= Louis Rapkine =

French biologist (1904–1948)

Louis Rapkine (July 14, 1904 – December 13, 1948) was a French biologist, specializing in embryology and enzymology. He is best known for his role in saving numerous French scientists from persecution during World War II, and in rebuilding the French scientific community and its institutions after the war.

== Biography ==
=== Early life and family ===
Rapkine was born in the town of Tikhinichi (Ціхінічы) in Belarus, then part of the Russian Empire.

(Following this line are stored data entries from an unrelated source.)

(* Subtracting a multiple of the diagonal polynomial Q of n removes the top coefficient of D; the one
   condition of n + e_j that Q violates then forces this coefficient to vanish. *)
lemma mult_orth_determined_step:
  assumes adm: "\<forall>i\<ge>r. n i = 0" and "j < r"
    and determined: "\<And>D. mult_orth r (Mmom L) n D \<Longrightarrow> degree D < (\<Sum>i<r. n i) \<Longrightarrow> D = 0"
    and orthD: "mult_orth r (Mmom L) (n(j := n j + 1)) D"
    and degD: "degree D < (\<Sum>i<r. (n(j := n j + 1)) i)"
  shows "D = 0"
proof -
  define N where "N = (\<Sum>i<r. n i)"
  define a where "a = 1 + alpha r L (\<lambda>i. int (n i)) (\<lambda>i. int (n i))"
  define Q where "Q = even_part_poly N (Phi_diag n)"
  have Q: "degree Q \<le> N" "coeff Q N = a" "mult_orth r (Mmom L) n Q"
    and edge: "mapp (Mmom L) j (Q * monom 1 (n j)) \<noteq> 0"
    using diag_poly[OF adm] \<open>j < r\<close> by (simp_all add: N_def a_def Q_def)
  have D: "degree D \<le> N" "mult_orth r (Mmom L) n D" "mapp (Mmom L) j (D * monom 1 (n j)) = 0"
    using degD sum_fun_upd_Suc[OF \<open>j < r\<close>, of n] orthD mult_orth_fun_upd_Suc[OF \<open>j < r\<close>]
    by (simp_all add: N_def)
  define E where "E = smult a D - smult (coeff D N) Q"
  have "degree E \<le> N"
    using D(1) Q(1) unfolding E_def by (meson degree_diff_le degree_smult_le le_trans)
  moreover have "coeff E N = 0"
    by (simp add: E_def Q(2))
  moreover have "mult_orth r (Mmom L) n E"
    unfolding E_def by (rule mult_orth_lincomb[OF D(2) Q(3)])
  ultimately have "E = 0"
    using eq_zero_or_degree_less determined N_def by metis
  then have "coeff D N * mapp (Mmom L) j (Q * monom 1 (n j)) = 0"
    using mapp_lincomb_mult_monom[of "Mmom L" j a D "coeff D N" Q "n j"] D(3)
    by (simp add: E_def mapp_def)
  then have "coeff D N = 0"
    using edge by simp
  then show "D = 0"
    using eq_zero_or_degree_less[OF D(1)] determined D(2) N_def by metis
qed

lemma mult_orth_determined:
  assumes "\<forall>i\<ge>r. n i = 0" and "mult_orth r (Mmom L) n D" and "degree D < (\<Sum>j<r. n j)"
  shows "D = 0"
proof -
  have "\<forall>D. mult_orth r (Mmom L) n D \<longrightarrow> degree D < (\<Sum>j<r. n j) \<longrightarrow> D = 0"
    using assms(1)
  proof (induction n rule: multi_index_induct)
    case (step n j)
    then show ?case
      using mult_orth_determined_step by blast
  qed simp
  with assms(2,3) show ?thesis
    by blast
qed

lemma alpha_ne_minus_one: "\<forall>i\<ge>r. n i = 0 \<Longrightarrow> alpha r L (\<lambda>i. int (n i)) (\<lambda>i. int (n i)) \<noteq> - 1"
  using one_plus_alpha_nonzero mult_orth_determined by (metis add.commute add_eq_0_iff)

lemma mop_eqI:
  assumes adm: "\<forall>i\<ge>r. n i = 0" and P: "is_mop r (Mmom L) n P"
  shows "mnormal r (Mmom L) n" and "mop r (Mmom L) n = P"
proof -
  have uniq: "P' = P" if "is_mop r (Mmom L) n P'" for P'
  proof -
    have "degree P' = (\<Sum>j<r. n j)" "coeff P' (\<Sum>j<r. n j) = 1"
      "degree P = (\<Sum>j<r. n j)" "coeff P (\<Sum>j<r. n j) = 1"
      using that P unfolding is_mop_def by auto
    then have "degree (P' - P) \<le> (\<Sum>j<r. n j)" "coeff (P' - P) (\<Sum>j<r. n j) = 0"
      by (simp_all add: degree_diff_le)
    then have "P' - P = 0 \<or> degree (P' - P) < (\<Sum>j<r. n j)"
      by (rule eq_zero_or_degree_less)
    moreover have "mult_orth r (Mmom L) n (P' - P)"
      using that P by (simp add: is_mop_iff mult_orth_diff)
    ultimately have "P' - P = 0"
      using mult_orth_determined[OF adm] by blast
    then show ?thesis
      by simp
  qed
  with P show "mnormal r (Mmom L) n"
    unfolding mnormal_def by blast
  show "mop r (Mmom L) n = P"
    unfolding mop_def by (rule the_equality) (use P uniq in blast)+
qed

lemma mop_even_part_poly:
  assumes adm: "\<forall>i\<ge>r. n i = 0"
    and supp: "lsupp phi \<subseteq> {- int (\<Sum>j<r. n j)..int (\<Sum>j<r. n j)}"
    and orth: "\<And>i k. i < r \<Longrightarrow> \<bar>k\<bar> \<le> int (n i) - 1 \<Longrightarrow> lapp L i (\<lambda>t. phi (t + k)) = 0"
    and top: "phi (int (\<Sum>j<r. n j)) + phi (- int (\<Sum>j<r. n j)) \<noteq> 0"
  shows "mnormal r (Mmom L) n"
    and "mop r (Mmom L) n = smult (1 / (phi (int (\<Sum>j<r. n j)) + phi (- int (\<Sum>j<r. n j))))
      (even_part_poly (\<Sum>j<r. n j) phi)"
proof -
  define N where "N = (\<Sum>j<r. n j)"
  define c where "c = phi (int N) + phi (- int N)"
  define Q where "Q = even_part_poly N phi"
  have supp': "lsupp phi \<subseteq> {- int N..int N}"
    using supp by (simp add: N_def)
  have "c \<noteq> 0"
    using top by (simp add: c_def N_def)
  have "coeff Q N = c"
    unfolding Q_def c_def by (rule coeff_even_part_poly[OF supp'])
  moreover have "degree Q \<le> N"
    unfolding Q_def by (rule even_part_poly(1)[OF supp'])
  ultimately have "degree Q = N"
    using le_degree[of Q N] \<open>c \<noteq> 0\<close> by simp
  have orthQ: "mult_orth r (Mmom L) n Q"
    unfolding Q_def by (rule mult_orth_even_part_poly[OF supp' orth])
  have "mult_orth r (Mmom L) n (smult (1 / c) Q - smult 0 Q)"
    by (rule mult_orth_lincomb[OF orthQ orthQ])
  then have "is_mop r (Mmom L) n (smult (1 / c) Q)"
    using \<open>degree Q = N\<close> \<open>coeff Q N = c\<close> \<open>c \<noteq> 0\<close> by (simp add: is_mop_iff N_def)
  from mop_eqI[OF adm this] show "mnormal r (Mmom L) n"
    "mop r (Mmom L) n = smult (1 / (phi (int (\<Sum>j<r. n j)) + phi (- int (\<Sum>j<r. n j))))
      (even_part_poly (\<Sum>j<r. n j) phi)"
    by (simp_all only: c_def Q_def N_def)
qed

As a result of anti-Jewish activity including the Kiev pogrom of 1905, his parents Israël Rapkine and Ida Sorkine moved to Paris in 1911. The family moved again in 1913 to Montréal, where Rapkine studied medicine at McGill University from 1921 to 1924. He returned to Paris in 1924.

Rapkine married Sarah Malamud in New York in 1929, and their daughter Claude was born in Paris in 1932.

=== Career ===
Rapkine became a researcher in Paris and at Cambridge. He pursued biochemical research on the metabolic and developmental roles of sulfhydryl compounds, working initially with Charles Pérez and Maurice Caullery at the Roscoff Maritime Station in 1925. He then worked at the Collège de France under Emmanuel Fauré-Fremiet in 1926.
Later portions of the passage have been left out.